Input:
#####

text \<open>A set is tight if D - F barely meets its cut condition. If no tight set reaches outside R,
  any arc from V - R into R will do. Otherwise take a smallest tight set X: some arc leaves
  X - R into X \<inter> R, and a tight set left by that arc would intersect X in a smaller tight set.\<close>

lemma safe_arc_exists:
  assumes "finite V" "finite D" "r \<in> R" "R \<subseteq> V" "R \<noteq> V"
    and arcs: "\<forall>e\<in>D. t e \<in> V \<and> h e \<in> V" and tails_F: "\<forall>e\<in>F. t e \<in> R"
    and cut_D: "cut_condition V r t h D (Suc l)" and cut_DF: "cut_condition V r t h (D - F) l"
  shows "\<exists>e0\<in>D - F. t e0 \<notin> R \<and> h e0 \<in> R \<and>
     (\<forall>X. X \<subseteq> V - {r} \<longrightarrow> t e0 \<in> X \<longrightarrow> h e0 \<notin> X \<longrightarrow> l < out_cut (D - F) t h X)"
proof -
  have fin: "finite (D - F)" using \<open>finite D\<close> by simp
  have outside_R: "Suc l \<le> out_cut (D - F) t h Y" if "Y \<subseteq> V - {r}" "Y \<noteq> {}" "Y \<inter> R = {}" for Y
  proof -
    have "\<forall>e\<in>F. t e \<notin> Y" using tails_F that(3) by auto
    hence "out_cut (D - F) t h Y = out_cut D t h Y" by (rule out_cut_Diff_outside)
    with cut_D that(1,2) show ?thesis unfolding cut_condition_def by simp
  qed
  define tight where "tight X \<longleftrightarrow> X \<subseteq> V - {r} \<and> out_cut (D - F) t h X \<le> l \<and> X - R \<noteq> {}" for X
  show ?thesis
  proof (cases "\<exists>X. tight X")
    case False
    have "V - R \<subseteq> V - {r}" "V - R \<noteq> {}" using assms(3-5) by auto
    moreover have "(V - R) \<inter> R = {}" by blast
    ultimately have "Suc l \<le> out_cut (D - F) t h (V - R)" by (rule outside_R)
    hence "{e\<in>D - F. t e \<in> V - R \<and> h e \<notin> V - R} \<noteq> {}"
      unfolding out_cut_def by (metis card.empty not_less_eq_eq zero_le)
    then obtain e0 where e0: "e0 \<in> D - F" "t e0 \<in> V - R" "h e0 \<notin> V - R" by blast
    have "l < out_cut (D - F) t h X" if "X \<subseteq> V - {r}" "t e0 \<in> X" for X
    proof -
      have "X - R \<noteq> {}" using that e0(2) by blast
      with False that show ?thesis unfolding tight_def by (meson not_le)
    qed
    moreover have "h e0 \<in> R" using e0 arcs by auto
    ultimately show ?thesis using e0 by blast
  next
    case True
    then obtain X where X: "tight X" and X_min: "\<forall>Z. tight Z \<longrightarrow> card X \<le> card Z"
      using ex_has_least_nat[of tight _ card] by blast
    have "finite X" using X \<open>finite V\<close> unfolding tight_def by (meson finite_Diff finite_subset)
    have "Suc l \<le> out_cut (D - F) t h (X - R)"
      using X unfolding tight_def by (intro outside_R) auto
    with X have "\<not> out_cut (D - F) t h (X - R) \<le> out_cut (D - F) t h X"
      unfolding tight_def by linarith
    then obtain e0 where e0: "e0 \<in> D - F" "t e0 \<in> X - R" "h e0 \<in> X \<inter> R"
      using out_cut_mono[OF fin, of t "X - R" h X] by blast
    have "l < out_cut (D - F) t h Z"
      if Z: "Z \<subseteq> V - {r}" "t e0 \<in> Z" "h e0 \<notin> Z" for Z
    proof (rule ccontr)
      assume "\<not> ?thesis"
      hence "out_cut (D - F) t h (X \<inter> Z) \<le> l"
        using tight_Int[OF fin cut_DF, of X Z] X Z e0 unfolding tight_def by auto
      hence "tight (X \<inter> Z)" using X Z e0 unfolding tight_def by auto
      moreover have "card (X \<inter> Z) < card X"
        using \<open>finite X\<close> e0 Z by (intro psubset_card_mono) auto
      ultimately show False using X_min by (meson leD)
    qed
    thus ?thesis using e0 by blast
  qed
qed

#####

Assignment: For this exercise, retype each entry from above exactly as it stands.

Expected output:
text \<open>A set is tight if D - F barely meets its cut condition. If no tight set reaches outside R,
  any arc from V - R into R will do. Otherwise take a smallest tight set X: some arc leaves
  X - R into X \<inter> R, and a tight set left by that arc would intersect X in a smaller tight set.\<close>

lemma safe_arc_exists:
  assumes "finite V" "finite D" "r \<in> R" "R \<subseteq> V" "R \<noteq> V"
    and arcs: "\<forall>e\<in>D. t e \<in> V \<and> h e \<in> V" and tails_F: "\<forall>e\<in>F. t e \<in> R"
    and cut_D: "cut_condition V r t h D (Suc l)" and cut_DF: "cut_condition V r t h (D - F) l"
  shows "\<exists>e0\<in>D - F. t e0 \<notin> R \<and> h e0 \<in> R \<and>
     (\<forall>X. X \<subseteq> V - {r} \<longrightarrow> t e0 \<in> X \<longrightarrow> h e0 \<notin> X \<longrightarrow> l < out_cut (D - F) t h X)"
proof -
  have fin: "finite (D - F)" using \<open>finite D\<close> by simp
  have outside_R: "Suc l \<le> out_cut (D - F) t h Y" if "Y \<subseteq> V - {r}" "Y \<noteq> {}" "Y \<inter> R = {}" for Y
  proof -
    have "\<forall>e\<in>F. t e \<notin> Y" using tails_F that(3) by auto
    hence "out_cut (D - F) t h Y = out_cut D t h Y" by (rule out_cut_Diff_outside)
    with cut_D that(1,2) show ?thesis unfolding cut_condition_def by simp
  qed
  define tight where "tight X \<longleftrightarrow> X \<subseteq> V - {r} \<and> out_cut (D - F) t h X \<le> l \<and> X - R \<noteq> {}" for X
  show ?thesis
  proof (cases "\<exists>X. tight X")
    case False
    have "V - R \<subseteq> V - {r}" "V - R \<noteq> {}" using assms(3-5) by auto
    moreover have "(V - R) \<inter> R = {}" by blast
    ultimately have "Suc l \<le> out_cut (D - F) t h (V - R)" by (rule outside_R)
    hence "{e\<in>D - F. t e \<in> V - R \<and> h e \<notin> V - R} \<noteq> {}"
      unfolding out_cut_def by (metis card.empty not_less_eq_eq zero_le)
    then obtain e0 where e0: "e0 \<in> D - F" "t e0 \<in> V - R" "h e0 \<notin> V - R" by blast
    have "l < out_cut (D - F) t h X" if "X \<subseteq> V - {r}" "t e0 \<in> X" for X
    proof -
      have "X - R \<noteq> {}" using that e0(2) by blast
      with False that show ?thesis unfolding tight_def by (meson not_le)
    qed
    moreover have "h e0 \<in> R" using e0 arcs by auto
    ultimately show ?thesis using e0 by blast
  next
    case True
    then obtain X where X: "tight X" and X_min: "\<forall>Z. tight Z \<longrightarrow> card X \<le> card Z"
      using ex_has_least_nat[of tight _ card] by blast
    have "finite X" using X \<open>finite V\<close> unfolding tight_def by (meson finite_Diff finite_subset)
    have "Suc l \<le> out_cut (D - F) t h (X - R)"
      using X unfolding tight_def by (intro outside_R) auto
    with X have "\<not> out_cut (D - F) t h (X - R) \<le> out_cut (D - F) t h X"
      unfolding tight_def by linarith
    then obtain e0 where e0: "e0 \<in> D - F" "t e0 \<in> X - R" "h e0 \<in> X \<inter> R"
      using out_cut_mono[OF fin, of t "X - R" h X] by blast
    have "l < out_cut (D - F) t h Z"
      if Z: "Z \<subseteq> V - {r}" "t e0 \<in> Z" "h e0 \<notin> Z" for Z
    proof (rule ccontr)
      assume "\<not> ?thesis"
      hence "out_cut (D - F) t h (X \<inter> Z) \<le> l"
        using tight_Int[OF fin cut_DF, of X Z] X Z e0 unfolding tight_def by auto
      hence "tight (X \<inter> Z)" using X Z e0 unfolding tight_def by auto
      moreover have "card (X \<inter> Z) < card X"
        using \<open>finite X\<close> e0 Z by (intro psubset_card_mono) auto
      ultimately show False using X_min by (meson leD)
    qed
    thus ?thesis using e0 by blast
  qed
qed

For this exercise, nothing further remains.